Reprise de service : La Fuorigrotta académie était trop bourrée pour écrire

On a gagné la coucoupe ! Après des années de disette et de collage-au-cul de l’élite turinoise on gagne enfin de la ferraille pour les étagères vides. Pas seulement ça, on la gagne contre la Juve, une touche de gloire dans un match joué comme ça dans un contexte pas cool, sans supporters, sans possibilité de souiller de jouissance les sièges en plastoc du stade. Pendant que j’écris ce billet deux ouvriers roumains sont en train de péter de la grosse techno polonaise à ma fenêtre tout en élargissant un trou gros comme mon poing et de là me viennent moult blagues salaces et inappropriées sur la troulogie et les anus élargis. Aucune corrélation avec la Juventus, évidemment.

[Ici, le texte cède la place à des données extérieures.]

lemma last_replacement_path:
  "es \<noteq> [] \<Longrightarrow> last (replacement_path z es) = z \<circ> foldr (\<circ>) (map extend_event es) id"
proof (induction es arbitrary: z)
  case (Cons e es)
  show ?case
  proof (cases "es = []")
    case False
    then have "last (replacement_path z (e # es)) = last (replacement_path (z \<circ> extend_event e) es)"
      by (cases es) auto
    with Cons.IH[OF False] show ?thesis by (simp add: comp_assoc)
  qed simp
qed simp

lemma successively_replacement_path:
  "(\<And>e w. e \<in> set es \<Longrightarrow> c \<le> K w (w \<circ> extend_event e))
    \<Longrightarrow> successively (\<lambda>x y. c \<le> K x y) (z # replacement_path z es)"
  by (induction es arbitrary: z) auto

lemma is_stationary_eq: "is_stationary p u \<nu> = stationary_dist (trans_prob p u \<nu>)"
  by (simp add: fun_eq_iff is_stationary_def stationary_dist_def)

locale neutral_drift =
  fixes p :: "'g::finite event \<Rightarrow> real" and \<nu> :: real and g :: 'g and es :: "'g event list"
  assumes replacement_rule: "replacement_rule p"
    and bias_pos: "0 < \<nu>" and bias_less_1: "\<nu> < 1"
    and events_nonempty: "es \<noteq> []"
    and events_pos: "\<forall>e\<in>set es. 0 < p e"
    and events_fix: "\<forall>h. foldr (\<circ>) (map extend_event es) id h = g"
    and events_replace: "\<exists>e\<in>set es. g \<in> fst e"
begin

abbreviation K :: "real \<Rightarrow> 'g state \<Rightarrow> 'g state \<Rightarrow> real" where
  "K u \<equiv> trans_prob p u \<nu>"

lemma stochastic_kernel_K: "0 \<le> u \<Longrightarrow> u \<le> 1 \<Longrightarrow> stochastic_kernel (K u)"
  using bias_pos bias_less_1 by (intro stochastic_kernel_trans_prob[OF replacement_rule]) auto

lemma K_nonneg: "0 \<le> u \<Longrightarrow> u \<le> 1 \<Longrightarrow> 0 \<le> K u x y"
  using stochastic_kernel_K substochastic_kernel.nonneg stochastic_kernel_def by blast

lemma K_le_1: "0 \<le> u \<Longrightarrow> u \<le> 1 \<Longrightarrow> K u x y \<le> 1"
  using stochastic_kernel_K substochastic_kernel.entry_le_1 stochastic_kernel_def by blast

lemma last_replacement_path_constant: "last (replacement_path z es) = (\<lambda>_. z g)"
  using last_replacement_path[OF events_nonempty] events_fix by (auto simp: fun_eq_iff)

lemma last_replacement_path_in_set: "last (replacement_path z es) \<in> set (replacement_path z es)"
  using events_nonempty by (metis last_in_set length_0_conv length_replacement_path)

definition step_bound :: real where
  "step_bound = Min (p ` set es) * (1/2) ^ CARD('g)"
(* basis E_k = -(i/2) sigma_k of su(2) (sigma_k Pauli matrices), and E_4 spanning R;
   [E1,E2]=E3, [E2,E3]=E1, [E3,E1]=E2, E4 central *)
definition E1 :: lie_elt where
  "E1 = (vector [vector [0, -\<i>/2], vector [-\<i>/2, 0]], 0)"
definition E2 :: lie_elt where
  "E2 = (vector [vector [0, -1/2], vector [1/2, 0]], 0)"
definition E3 :: lie_elt where
  "E3 = (vector [vector [-\<i>/2, 0], vector [0, \<i>/2]], 0)"
definition E4 :: lie_elt where
  "E4 = (0, 1)"

definition frame_e :: "nat \<Rightarrow> nat \<Rightarrow> lie_elt" where
  "frame_e i k = (if k = 1 then E1
                  else if k = 2 then (if i = 1 then E4 - E3 else E4)
                  else if k = 3 then E2
                  else E3)"

(* gamma_i(a1,a2,a3,b;t) in a group G that is the image of SU(2) x R under pi *)
definition gamma :: "('g, 'm) monoid_scheme \<Rightarrow> (cmat2 \<times> real \<Rightarrow> 'g) \<Rightarrow> nat
    \<Rightarrow> real \<Rightarrow> real \<Rightarrow> real \<Rightarrow> real \<Rightarrow> real \<Rightarrow> 'g" where
  "gamma G \<pi> i a1 a2 a3 b t =
     \<pi> (lexp (t *\<^sub>R (a1 *\<^sub>R frame_e i 1 + a2 *\<^sub>R frame_e i 2 + a3 *\<^sub>R frame_e i 3
                     + b *\<^sub>R frame_e i 4)))
     \<otimes>\<^bsub>G\<^esub> \<pi> (lexp ((- t * b) *\<^sub>R frame_e i 4))"

end

theory Submission
  imports Defs
begin

text \<open>
  Write \<open>F\<close> for the matrix part of \<open>E3\<close>, so that \<open>\<gamma>(t) = (exp (t N) exp (-t b F), t a2)\<close>
  in \<open>SU(2) \<times> \<real>\<close> with \<open>N = a1 E1 + a3 E2 + c E3\<close> (\<open>c = b - a2\<close> if \<open>i = 1\<close>, else
  \<open>c = b\<close>). Every \<open>N \<in> su(2)\<close> squares to \<open>-\<rho>\<^sup>2 I\<close>, so
  \<open>exp (t N) = cos (\<rho> t) I + (sin (\<rho> t) / \<rho>) N\<close>; this gives the one-parameter law
  \<open>exp (s N) exp (t N) = exp ((s + t) N)\<close>. Conjugation by \<open>exp (-\<theta> F)\<close> rotates the
  \<open>(E1, E2)\<close>-plane by \<open>\<theta>\<close>, so \<open>exp (-\<theta> F)\<close> can be moved past \<open>exp (s N')\<close>, \<open>N'\<close> the
  rotated element, turning it into \<open>exp (s N)\<close>. With \<open>\<theta> = b t0\<close> this yields
  \<open>\<gamma>(t0) \<gamma>'(t - t0) = \<gamma>(t)\<close> already in \<open>SU(2) \<times> \<real>\<close>, and the homomorphism \<open>\<pi>\<close> carries
  it to \<open>G\<close>.
\<close>

lemma matrix_add_rdistrib: "(B + C) ** A = B ** A + C ** A"
  by (vector matrix_matrix_mult_def sum.distrib[symmetric] field_simps)

definition su2 :: "real \<Rightarrow> real \<Rightarrow> real \<Rightarrow> cmat2" where
  "su2 x y z = x *\<^sub>R fst E1 + y *\<^sub>R fst E2 + z *\<^sub>R fst E3"

lemma cmat2_eq_iff:
  "(A :: cmat2) = B \<longleftrightarrow> A$1$1 = B$1$1 \<and> A$1$2 = B$1$2 \<and> A$2$1 = B$2$1 \<and> A$2$2 = B$2$2"
  by (auto simp: vec_eq_iff forall_2)

lemma cmat2_mult_nth: "((A :: cmat2) ** B)$i$j = A$i$1 * B$1$j + A$i$2 * B$2$j"
  by (simp add: matrix_matrix_mult_def sum_2)

lemma cmat2_mat_nth:
  "(mat c :: cmat2)$1$1 = c" "(mat c :: cmat2)$1$2 = 0"
  "(mat c :: cmat2)$2$1 = 0" "(mat c :: cmat2)$2$2 = c"
  by (simp_all add: mat_def)
lemma delta_LIP_mech_hfun:
  assumes f_even: "\<forall>x\<in>{-pi..pi}. f (- x) = f x" and f: "pos_density f"
    and R: "in_RL R L" and "\<delta> > 0"
    and S: "\<And>x. x \<in> {0..pi} \<Longrightarrow> \<bar>pi * tilde f x - 1\<bar> \<le> S" and S_gt: "S > sqrt \<delta> / (L * pi)"
    and "\<Delta> > 0" and Delta_le: "\<Delta> \<le> sqrt \<delta> / (L * pi\<^sup>2 * S - pi * sqrt \<delta>)"
  shows "delta_LIP \<delta> (mech R (hfun f \<Delta>)) f"
proof -
  define K where "K = integral {0..pi} (\<lambda>x. cos (pi * R (cdf (hfun f \<Delta>) x)) * tilde f x)"
  have LIP: "LIP (mech R (hfun f \<Delta>)) f = of_real (1 - K\<^sup>2)"
    unfolding K_def using f_even f hfun_even[OF f_even] pos_density_hfun[OF f \<open>\<Delta> > 0\<close>] R
    by (rule LIP_mech)
  have "\<bar>K\<bar> \<le> \<Delta> * pi * S / (1 + pi * \<Delta>)"
    unfolding K_def using f R \<open>\<Delta> > 0\<close> S by (rule abs_integral_cos_cdf_hfun_le)
  also have "\<dots> \<le> sqrt \<delta>"
    using \<open>\<delta> > 0\<close> in_RL_Lipschitz_const_ge_1[OF R] S_gt \<open>\<Delta> > 0\<close> Delta_le
    by (intro Delta_pi_S_div_le) auto
  finally have "K\<^sup>2 \<le> \<delta>"
    using \<open>\<delta> > 0\<close> by (metis abs_ge_zero power_mono real_sqrt_pow2 less_imp_le power2_abs)
  then show ?thesis
    unfolding delta_LIP_def LIP by simp
qed

lemma cdf_hfun_eq_convex_comb:
  assumes "pos_density f" "\<Delta> > 0" "lam \<in> {0..pi}" and \<alpha>: "\<alpha> = \<Delta> * pi / (1 + \<Delta> * pi)"
  shows "cdf (hfun f \<Delta>) lam = (1 - \<alpha>) * cdf f lam + \<alpha> * lam / pi"
proof -
  have "1 + pi * \<Delta> > 0"
    using assms(2) by (simp add: add_pos_pos)
  then have "1 - \<alpha> = 1 / (1 + pi * \<Delta>)"
    by (simp add: \<alpha> field_simps)
  moreover have "\<alpha> * lam / pi = \<Delta> * lam / (1 + pi * \<Delta>)"
    by (simp add: \<alpha> mult.commute)
  ultimately show ?thesis
    unfolding cdf_hfun[OF assms(1-3)] by (simp add: add_divide_distrib)
qed
(* Let $\Phi\colon\mathcal{M}(2;\mathbb{C})\dashrightarrow\mathcal{M}(2;\mathbb{C})$ be a rational transformation compatible with conjugation. Then $\Phi$ is birational if and only if $\mathrm{Sq}\,\Phi$ is birational.
   Context: $\mathrm{Inv}\colon\mathcal{M}(2;\mathbb{C})\to\mathbb{C}^2$, $\mathrm{M}\mapsto(\mathrm{tr}\,\mathrm{M},\det\mathrm{M})$. $\Phi$ is compatible with conjugation if $\mathrm{A}\Phi(\mathrm{M})\mathrm{A}^{-1}=\Phi(\mathrm{A}\mathrm{M}\mathrm{A}^{-1})$ for all $\mathrm{A}\in\mathrm{GL}(2;\mathbb{C})$ whenever both sides are defined; for such $\Phi$ there is a rational map $\mathrm{Sq}\,\Phi\colon\mathbb{C}^2\dashrightarrow\mathbb{C}^2$ with $\mathrm{Inv}\circ\Phi=\mathrm{Sq}\,\Phi\circ\mathrm{Inv}$. *)

theory Defs
  imports "HOL-Analysis.Analysis"
begin

text \<open>Polynomial functions on a space whose coordinate functions are given by a set C
  (for C^n: the projections; for 2x2 matrices: the four entries).\<close>
inductive polyfun :: "('a \<Rightarrow> complex) set \<Rightarrow> ('a \<Rightarrow> complex) \<Rightarrow> bool"
  for C :: "('a \<Rightarrow> complex) set" where
  coord: "c \<in> C \<Longrightarrow> polyfun C c"
| const: "polyfun C (\<lambda>x. a)"
| add: "polyfun C p \<Longrightarrow> polyfun C q \<Longrightarrow> polyfun C (\<lambda>x. p x + q x)"
| mult: "polyfun C p \<Longrightarrow> polyfun C q \<Longrightarrow> polyfun C (\<lambda>x. p x * q x)"
(* Let $k\ge1$ and let $f:\mathbb{R}^{2k}\to\mathbb{R}^{2k}$ be analytic on all of $\mathbb{R}^{2k}$ (an entire function). If there is $M>0$ with $|f(x)|\le M$ for all $x\in\mathbb{R}^{2k}$ (Euclidean norm), then $f$ is constant.
   Context: Let $n=2k$ and let $\mathfrak g$ be the real $n\times n$ matrix with $\mathfrak g_{i,i+1}=1$ ($1\le i\le n-1$), $\mathfrak g_{n,1}=-1$, other entries $0$. For $u\in\mathbb{R}^n$ set $\varsigma(u)=\sum_{\ell=1}^n u_\ell\mathfrak g^{\ell-1}$ and $u\circledast v=\varsigma^{-1}(\varsigma(u)\varsigma(v))$. Let $\mathcal G_n=\{x:\det\varsigma(x)\ne0\}$ and $\delta^{-1}$ the $\circledast$-inverse of $\delta\in\mathcal G_n$. $f:\Omega\to\mathbb{R}^n$ is differentiable at $a$ if $f'(a)=\lim_{\delta\to0,\delta\in\mathcal G_n}(f(a+\delta)-f(a))\circledast\delta^{-1}$ exists; $f$ is analytic on $\Omega$ if it is differentiable at every point of $\Omega$ and all second order partial derivatives of its components are continuous on $\Omega$. *)

theory Defs
  imports "HOL-Analysis.Analysis"
begin

text \<open>R^n is modelled as real^'n (Euclidean norm) together with a coordinate labelling
  idx :: nat => 'n, a bijection from {1..CARD('n)} onto the index type, so that the
  l-th coordinate of u is u $ idx l.\<close>

definition pos :: "(nat \<Rightarrow> 'n::finite) \<Rightarrow> 'n \<Rightarrow> nat" where
  "pos idx a = inv_into {1..CARD('n)} idx a"

definition gmat :: "(nat \<Rightarrow> 'n::finite) \<Rightarrow> real^'n^'n" where
  "gmat idx = (\<chi> a b. if pos idx b = pos idx a + 1 then 1
                     else if pos idx a = CARD('n) \<and> pos idx b = 1 then -1 else 0)"

fun mpow :: "real^'n^'n \<Rightarrow> nat \<Rightarrow> real^'n^'n" where
  "mpow A 0 = mat 1"
| "mpow A (Suc m) = A ** mpow A m"

definition varsigma :: "(nat \<Rightarrow> 'n::finite) \<Rightarrow> real^'n \<Rightarrow> real^'n^'n" where
  "varsigma idx u = (\<Sum>l\<in>{1..CARD('n)}. (u $ idx l) *\<^sub>R mpow (gmat idx) (l - 1))"

definition cstar :: "(nat \<Rightarrow> 'n::finite) \<Rightarrow> real^'n \<Rightarrow> real^'n \<Rightarrow> real^'n" where
  "cstar idx u v = (THE w. varsigma idx w = varsigma idx u ** varsigma idx v)"

definition Gset :: "(nat \<Rightarrow> 'n::finite) \<Rightarrow> (real^'n) set" where
  "Gset idx = {x. det (varsigma idx x) \<noteq> 0}"

definition cunit :: "(nat \<Rightarrow> 'n::finite) \<Rightarrow> real^'n" where
  "cunit idx = (THE e. varsigma idx e = mat 1)"

definition cinv :: "(nat \<Rightarrow> 'n::finite) \<Rightarrow> real^'n \<Rightarrow> real^'n" where
  "cinv idx d = (THE w. cstar idx d w = cunit idx)"

definition has_cderiv_at ::
  "(nat \<Rightarrow> 'n::finite) \<Rightarrow> (real^'n \<Rightarrow> real^'n) \<Rightarrow> real^'n \<Rightarrow> real^'n \<Rightarrow> bool" where
  "has_cderiv_at idx f D a \<longleftrightarrow>
     ((\<lambda>d. cstar idx (f (a + d) - f a) (cinv idx d)) \<longlongrightarrow> D) (at 0 within Gset idx)"

definition cdifferentiable_at ::
  "(nat \<Rightarrow> 'n::finite) \<Rightarrow> (real^'n \<Rightarrow> real^'n) \<Rightarrow> real^'n \<Rightarrow> bool" where
  "cdifferentiable_at idx f a \<longleftrightarrow> (\<exists>D. has_cderiv_at idx f D a)"

definition partial_exists :: "'n::finite \<Rightarrow> (real^'n \<Rightarrow> real) \<Rightarrow> real^'n \<Rightarrow> bool" where
  "partial_exists i g x \<longleftrightarrow> (\<lambda>t. g (x + t *\<^sub>R axis i 1)) differentiable (at 0)"

definition partial :: "'n::finite \<Rightarrow> (real^'n \<Rightarrow> real) \<Rightarrow> real^'n \<Rightarrow> real" where
  "partial i g x = deriv (\<lambda>t. g (x + t *\<^sub>R axis i 1)) 0"

definition canalytic_on ::
  "(nat \<Rightarrow> 'n::finite) \<Rightarrow> (real^'n) set \<Rightarrow> (real^'n \<Rightarrow> real^'n) \<Rightarrow> bool" where
  "canalytic_on idx \<Omega> f \<longleftrightarrow>
     (\<forall>a\<in>\<Omega>. cdifferentiable_at idx f a) \<and>
     (\<forall>m i j. (\<forall>x\<in>\<Omega>. partial_exists i (\<lambda>y. f y $ m) x) \<and>
              (\<forall>x\<in>\<Omega>. partial_exists j (partial i (\<lambda>y. f y $ m)) x) \<and>
              continuous_on \<Omega> (partial j (partial i (\<lambda>y. f y $ m))))"

end

theory Submission
  imports Defs "HOL-Complex_Analysis.Complex_Analysis"
begin

(* The matrices varsigma u are exactly the real matrices commuting with g, and g^n = -1, so
   (R^n, \<circledast>) is a real form of C[x]/(x^n + 1).  For each of the n complex roots w of
   w^n = -1 the vector (1, w, ..., w^(n-1)) is a common eigenvector of these matrices, so
   character w u = sum_l u_l w^(l-1) is multiplicative; as n is even, w is not real and
   character w maps R^n onto C.  Applying character w to the limit defining f' shows that
   character w o f has real derivative h \<mapsto> character w (f' x) * character w h.  Hence
   character w o f is constant along the kernel of character w and holomorphic on complementary
   complex lines, where it is bounded, so it is constant by Liouville's theorem.  A polynomial of
   degree < n vanishing at the n roots is zero, so f is constant. *)

section \<open>Continuous partial derivatives\<close>

lemma partial_increment_bound:
  fixes g p :: "real^'n \<Rightarrow> real"
  assumes pd: "\<And>z. ((\<lambda>t. g (z + t *\<^sub>R axis i 1)) has_real_derivative p z) (at 0)"
    and close: "\<And>t. \<bar>t\<bar> \<le> \<bar>s\<bar> \<Longrightarrow> \<bar>p (y + t *\<^sub>R axis i 1) - c\<bar> \<le> \<epsilon>"
  shows "\<bar>g (y + s *\<^sub>R axis i 1) - g y - c * s\<bar> \<le> \<epsilon> * \<bar>s\<bar>"
proof -
  define \<phi> where "\<phi> t = g (y + t *\<^sub>R axis i 1) - c * t" for t
  have "(\<phi> has_real_derivative p (y + t *\<^sub>R axis i 1) - c) (at t within closed_segment 0 s)" for t
  proof -
    have "((\<lambda>\<tau>. g (y + (t + \<tau>) *\<^sub>R axis i 1)) has_real_derivative p (y + t *\<^sub>R axis i 1)) (at 0)"
      using pd[of "y + t *\<^sub>R axis i 1"] by (simp add: algebra_simps scaleR_add_left)
    then have "((\<lambda>\<tau>. g (y + \<tau> *\<^sub>R axis i 1)) has_real_derivative p (y + t *\<^sub>R axis i 1)) (at t)"
      using DERIV_shift[of _ _ 0 t] by (simp add: add.commute)
    then have "(\<phi> has_real_derivative p (y + t *\<^sub>R axis i 1) - c * 1) (at t)"
      unfolding \<phi>_def by (intro DERIV_diff DERIV_cmult DERIV_ident)
    then show ?thesis by (simp add: has_field_derivative_at_within)
  qed
  moreover have "\<bar>p (y + t *\<^sub>R axis i 1) - c\<bar> \<le> \<epsilon>" if "t \<in> closed_segment 0 s" for t
    using that by (intro close) (auto simp: closed_segment_eq_real_ivl split: if_splits)
  ultimately have "norm (\<phi> s - \<phi> 0) \<le> \<epsilon> * norm (s - 0)"
    by (intro field_differentiable_bound[of "closed_segment 0 s"]) auto
  then show ?thesis by (simp add: \<phi>_def)
qed

lemma coordinate_increments_bound:
  fixes g :: "real^'n \<Rightarrow> real" and p :: "'n \<Rightarrow> real^'n \<Rightarrow> real" and x h :: "real^'n"
  assumes pd: "\<And>i z. ((\<lambda>t. g (z + t *\<^sub>R axis i 1)) has_real_derivative p i z) (at 0)"
    and close: "\<And>i z. norm (z - x) \<le> (\<Sum>a\<in>UNIV. \<bar>h $ a\<bar>) \<Longrightarrow> \<bar>p i z - p i x\<bar> \<le> \<epsilon>"
  shows "\<bar>g (x + (\<chi> a. if a \<in> S then h $ a else 0)) - g x - (\<Sum>i\<in>S. p i x * h $ i)\<bar>
           \<le> \<epsilon> * (\<Sum>i\<in>S. \<bar>h $ i\<bar>)"
proof (induction S rule: finite_induct[OF finite])
  case 1
  have "(\<chi> a. 0) = (0 :: real^'n)" by (simp add: vec_eq_iff)
  then show ?case by simp
next
  case (2 i S)
  define Q where "Q = (\<chi> a. if a \<in> S then h $ a else 0)"
  have Q_insert: "(\<chi> a. if a \<in> insert i S then h $ a else 0) = Q + h $ i *\<^sub>R axis i 1"
    using 2 by (auto simp: Q_def vec_eq_iff axis_def)
  have "\<bar>g (x + Q + h $ i *\<^sub>R axis i 1) - g (x + Q) - p i x * h $ i\<bar> \<le> \<epsilon> * \<bar>h $ i\<bar>"
  proof (rule partial_increment_bound[OF pd])
    fix t :: real assume t: "\<bar>t\<bar> \<le> \<bar>h $ i\<bar>"
    have "\<bar>(Q + t *\<^sub>R axis i 1) $ a\<bar> \<le> \<bar>h $ a\<bar>" for a
      using t 2 by (auto simp: Q_def axis_def)
    then have "norm (Q + t *\<^sub>R axis i 1) \<le> (\<Sum>a\<in>UNIV. \<bar>h $ a\<bar>)"
      by (rule order_trans[OF norm_le_l1_cart sum_mono])
    then show "\<bar>p i (x + Q + t *\<^sub>R axis i 1) - p i x\<bar> \<le> \<epsilon>"
      by (intro close) (simp add: add.assoc)
  qed
  then show ?case
    using 2(3) unfolding Q_insert sum.insert[OF 2(1,2)] Q_def[symmetric]
    by (simp add: add.assoc distrib_left abs_le_iff)
qed

lemma continuous_on_finite_family_delta:
  fixes p :: "'i::finite \<Rightarrow> 'a::metric_space \<Rightarrow> real"
  assumes "\<And>i. continuous_on UNIV (p i)" and "\<epsilon> > 0"
  obtains d where "d > 0" "\<And>z i. dist z x < d \<Longrightarrow> \<bar>p i z - p i x\<bar> < \<epsilon>"
proof -
  have "\<forall>\<^sub>F z in at x. \<forall>i. dist (p i z) (p i x) < \<epsilon>"
  proof (rule eventually_all_finite)
    fix i
    have "(p i \<longlongrightarrow> p i x) (at x)"
      using assms(1)[of i] by (simp add: continuous_on_eq_continuous_at isCont_def)
    then show "\<forall>\<^sub>F z in at x. dist (p i z) (p i x) < \<epsilon>" using assms(2) by (rule tendstoD)
  qed
  then obtain d where d: "d > 0" "\<And>z i. z \<noteq> x \<Longrightarrow> dist z x < d \<Longrightarrow> dist (p i z) (p i x) < \<epsilon>"
    unfolding eventually_at by blast
  show ?thesis
  proof (rule that[OF d(1)])
    fix z i assume "dist z x < d"
    then show "\<bar>p i z - p i x\<bar> < \<epsilon>"
      using d(2)[of z i] assms(2) by (cases "z = x") (auto simp: dist_real_def)
  qed
qed

lemma has_derivative_continuous_partials:
  fixes g :: "real^'n \<Rightarrow> real" and p :: "'n \<Rightarrow> real^'n \<Rightarrow> real"
  assumes pd: "\<And>i z. ((\<lambda>t. g (z + t *\<^sub>R axis i 1)) has_real_derivative p i z) (at 0)"
    and cont: "\<And>i. continuous_on UNIV (p i)"
  shows "(g has_derivative (\<lambda>h. \<Sum>i\<in>UNIV. p i x * h $ i)) (at x)"
  unfolding has_derivative_at_alt
proof (intro conjI allI impI)
  show "bounded_linear (\<lambda>h. \<Sum>i\<in>UNIV. p i x * h $ i)"
    by (intro bounded_linear_sum bounded_linear_compose[OF bounded_linear_mult_right bounded_linear_vec_nth])
  fix e :: real assume e: "e > 0"
  define N where "N = real CARD('n)"
  have N: "N > 0" by (simp add: N_def)
  define \<epsilon> where "\<epsilon> = e / N"
  have \<epsilon>: "\<epsilon> > 0" using e N by (simp add: \<epsilon>_def)
  obtain d where d: "d > 0" "\<And>z i. dist z x < d \<Longrightarrow> \<bar>p i z - p i x\<bar> < \<epsilon>"
    using continuous_on_finite_family_delta[where p=p and x=x, OF cont \<epsilon>] by blast
  show "\<exists>d>0. \<forall>y. norm (y - x) < d \<longrightarrow>
          norm (g y - g x - (\<Sum>i\<in>UNIV. p i x * (y - x) $ i)) \<le> e * norm (y - x)"
  proof (intro exI[of _ "d / N"] conjI allI impI)
    show "d / N > 0" using d N by simp
    fix y assume y: "norm (y - x) < d / N"
    define h where "h = y - x"
    have l1: "(\<Sum>a\<in>UNIV. \<bar>h $ a\<bar>) \<le> N * norm h"
      using sum_mono[of UNIV "\<lambda>a. \<bar>h $ a\<bar>" "\<lambda>a. norm h"] component_le_norm_cart[of h]
      by (simp add: N_def)
    have "\<bar>p i z - p i x\<bar> \<le> \<epsilon>" if "norm (z - x) \<le> (\<Sum>a\<in>UNIV. \<bar>h $ a\<bar>)" for i z
    proof -
      have "dist z x < d" using that l1 y N by (simp add: dist_norm h_def field_simps)
      then show ?thesis using d(2)[of z i] by simp
    qed
    note coordinate_increments_bound[where h=h and S=UNIV, OF pd this]
    moreover have "x + (\<chi> a. if a \<in> UNIV then h $ a else 0) = y" by (simp add: h_def vec_eq_iff)
    ultimately have "\<bar>g y - g x - (\<Sum>i\<in>UNIV. p i x * h $ i)\<bar> \<le> \<epsilon> * (\<Sum>i\<in>UNIV. \<bar>h $ i\<bar>)"
      by simp
    also have "\<dots> \<le> e * norm h"
      using mult_left_mono[OF l1, of \<epsilon>] e N by (simp add: \<epsilon>_def)
    finally show "norm (g y - g x - (\<Sum>i\<in>UNIV. p i x * (y - x) $ i)) \<le> e * norm (y - x)"
      by (simp add: h_def)
  qed
qed

lemma has_real_derivative_partial:
  "partial_exists i g x \<Longrightarrow> ((\<lambda>t. g (x + t *\<^sub>R axis i 1)) has_real_derivative partial i g x) (at 0)"
  unfolding partial_exists_def partial_def by (simp add: DERIV_deriv_iff_real_differentiable)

Bref on gagné, pouet pouet dans le cul à Sarri (je paraphrase Aurelio De Laurentiis). Maintenant reste la Champions League en mode difficile ++ les rounds de la mort à élimination plus que directe en un seul match. Délirante de cette victoire en Coppa Italia, je me prends d’espoir, oui l’espoir fou qu’on aille au bout de la compétition. Après une saison digne de la passion du Christ : pénible, improbable et sale. Parce que je ne vous avais pas parlé de la grève de novembre, bon en même temps je ne vous ai pas parlé de grand-chose depuis des mois. J’étais occupée à méditer sur l’état du monde et quand j’ai réalisé que c’était la merde j’ai cherché à me faire des sous en flirtant avec le capitalisme, idylle de courte durée. Retour aux racines, à Bakounine, à mon amour pour la salacité et la prose incohérente avec 3g dans le sang. Cela dit, pas une cuite au limoncello depuis que Mertens a marqué contre Barcelone. Je ne vous avais pas raconté ça non plus. Alors que j’étais dans le stade à ce moment-là, après avoir squatté l’hôtel des barcelonais pendant tout un après midi en m’envoyant des assiettes de tripes en attendant de choper le scoop.

Passion tripes

Bon la vérité c’est que tous mes séjours à Naples se résument en ceci : j’ai bouffé. Quand Mertens a fusillé Ter Stegen j’étais pleine aux deux tiers de sandwichs à la saucisse et aux brocolis raves. Sauter sur mon siège aurait eu des conséquences terribles sur mon appareil digestif et les personnes assises devant moi. J’ai jubilé du plexus solaire. En novembre, quand c’était la grève – au passage : Vive la grève – je suis allée interviewer des supporters dans la quartier du stade et le lendemain je ne m’en souvenais plus. La faute aux tournées de spritz et de mini pizze offertes à chaque bar de supporters ce qui pour Naples revient à dire Tous les putains de bars.

J’ai émergé quelques fois des vapeurs pour sortir un reportage sur le football à Naples et ça c’était très cool. Dès lors j’ai réalisé que je devais me casser de cette ville sinon j’allais finir obèse, alcoolique et communiste. Bref, à l’image de mon équipe, je me suis laissée aller. J’ai découvert cependant des choses incroyables sur les Napolitains : les mecs sont complètement tarés. Bukowski aurait aimé.

Venons-en aux actualités, donc Ciro alias Mertens a prolongé et mon cœur n’en finit plus de se gonfler d’allégresse. Il faut comprendre, Mertens est devenu un Napolitain vrai de vrai, le type s’est incrusté partout, pas une cantine où je me suis empiffrée où on ne voit pas sa photo en compagnie du patron de l’établissement. Tellement de vidéos de lui sur un fond vésuvien qu’il est devenu plus napoliste que le Napolitain. Lorenzo a beau être le fils de la ville, Mertens l’a dépassé en popularité.

Pour vous la faire courte et après tout on est sur Horsjeu, là où ça gicle vite et fort (barampa-pssst), je suis heureuse de la saison de mon Napoli. On a fait grève comme des bons gauchistes, on a foutu le zbeul, on a picolé et on a gagné une coupe. On peut conclure cette saison -attention cliché journalistique- dantesque les pieds en éventail en se disant qu’on a pas fait grand-chose mais que c’était bieng quand même.